What comes across strongly in this dictionary is that such terms have been helpfully gathered together in one place for easy reference. Helpfully, too, there are references to major monastic orders like the Benedictines and the Cistercians, major historical events like the Peasants' Revolt of 1381 and the expulsion of Jews from Britain in 1290, events in the calendar (like hock‐day, the Tuesday after Easter Sunday, one of the days on which rents had to be paid), much on warfare and armour, agriculture and trade (hogshead, esplees, and escheat, the silver coin called a sceatta), and aspects of social and cultural history like pilgrimage, courtly love, the crusades, and a feudal levy (when the king could summon an army). Etymologies (for Latin and English terms) are provided in concise form. At the back two lists (regnal dates of the kings of Wessex and of England, and a select bibliography) are provided.
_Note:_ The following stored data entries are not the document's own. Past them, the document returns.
(* Let $n\ge 3$ and let $f:\mathcal C\to\mathbb C$ be bounded, measurable, with bounded support contained in a bounded set $B\subset\mathbb R^{n+2}$. Then for every $s\in(\frac n2,n)$, $$|M_f(s)|\ll_{s,B}\|f\|_{L^2(\mu_{\mathcal C})}^2,$$ where $M_f=M_{f,f}$.
   Context: Polar coordinates on $\mathcal C=\{x\in\mathbb R^{n+2}:x_1^2+\dots+x_{n+1}^2=x_{n+2}^2,\ x_{n+2}>0\}$: every $x\in\mathcal C$ is uniquely $x=y^{-1}(\omega,1)$ with $y>0$, $\omega\in S^n\subset\mathbb R^{n+1}$; write $f(y,\omega)$ for $f(y^{-1}(\omega,1))$. The measure $\mu_{\mathcal C}$ is $y^{-(n+1)}dy\,d\sigma(\omega)$, with $\sigma$ the rotation-invariant probability on $S^n$. Let $L^2(S^n)=\bigoplus_{d\ge0}\mathcal H_d$ be the decomposition into spaces of spherical harmonics of degree $d$, and $\{\psi_{d,l}\}_l$ an orthonormal basis of $\mathcal H_d$. Set $f_{d,l}(y)=\int_{S^n}f(y,\omega)\overline{\psi_{d,l}(\omega)}\,d\sigma(\omega)$ and, for a function $g$ on $(0,\infty)$, the Mellin transform $\widetilde g(s)=\int_0^\infty g(y)y^{-(s+1)}dy$. For $s\in(\frac n2,n)$ define $P_0(s)=1$, $P_d(s)=\prod_{i=0}^{d-1}\frac{n-s+i}{s+i}$ ($d\ge1$), and for $f,f'$ bounded with bounded support, $M_{f,f'}(s)=\sum_{d,l\ge0}P_d(s)\widetilde{f_{d,l}}(s)\overline{\widetilde{f'_{d,l}}(s)}$. *)

theory Defs
  imports "HOL-Analysis.Analysis"
begin

text \<open>The light cone C in R^(n+2) = 'a x real, where 'a is R^(n+1), n = DIM('a) - 1.\<close>
definition lcone :: "('a::euclidean_space \<times> real) set" where
  "lcone = {(v, t). norm v = t \<and> t > 0}"

text \<open>Rotation-invariant probability measure sigma on the unit sphere S^n of 'a:
  the normalized cone (radial-projection) measure of the unit ball.\<close>
definition sph :: "'a::euclidean_space measure" where
  "sph = distr
     (scale_measure (ennreal (1 / measure lborel (ball (0::'a) 1)))
        (restrict_space lborel (ball 0 1 - {0})))
     (restrict_space borel (sphere 0 1)) (\<lambda>x. x /\<^sub>R norm x)"

definition fpol :: "('a::euclidean_space \<times> real \<Rightarrow> complex) \<Rightarrow> real \<Rightarrow> 'a \<Rightarrow> complex" where
  "fpol f y \<omega> = f ((1 / y) *\<^sub>R \<omega>, 1 / y)"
Numerous Latin terms are included: some of these, like terra regis (or the king's land) appear in the Domesday Book; others are legal, like quare impedit (why does he impede?, used in legal writs where benefices were in dispute) and lex mercatoria (unwritten customs of the merchant community). Helpfully, there are as many English legal terms on offer (like leywrite, the minor offence of fornication), and a lot of information on courts and assizes (such as the Forest Assizes where, in the twelfth century, people were punished for taking animals from the king's hunting grounds) to set such terms in context. Specific laws (like the Statute of Forestallers of 1390, where a trader would buy up goods and corner the market, thus forestalling prohibitions levied by an assize) are included too. We get a glimpse into life at the time from terms like calciamenta hyemalia or winter shoe allowance (servants of the royal household were given money for shoes as part of their livery), or the Assize of the Moneyers (moneyers were called together and questioned about their honesty and could lose a hand or more), and the custom of having lay brothers or conversi in monastic life.

Sources such as Bracton's De Legibus et Consuetudinibus Angliae (On the Laws and Customs of England), dating from judge Henry Bracton (who died in 1268) and Leges Henrici Primi (The Laws of Henry I), a compilation based on law of the Anglo‐Saxon kinds made between 1110 and 1120 (and dealing with both secular and ecclesiastical law) are noted and may be pursued independently by the specialist reader. Information is provided on the various courts and aspects of legal procedure and decision‐making.

Yet as well as all this specialist information there are many terms that readers are likely to wonder about in their everyday reading about the period, in fact and fiction: the medieval court continually on the move, how meadows were enclosed, feudal duties to a lord, what people ate, what journeymen got paid, how jousts were organized, what the guilds were, Fitz as a patronymic, and why the Augustinians were called the Black Canons. Peeping out are technical terms like aulnage (how cloth was measured and paid for, by the ell) and recreantia (being defeated in a duel, where there were strict rules of engagement). Cross references are simple but logical, and specialist word‐order using obsolete letters (like thorn and ash) is avoided. A dictionary, then, very clear to use, general‐purpose as well as a useful desk‐source for the expert, and suitable for the academic library where the medieval period is seriously studied.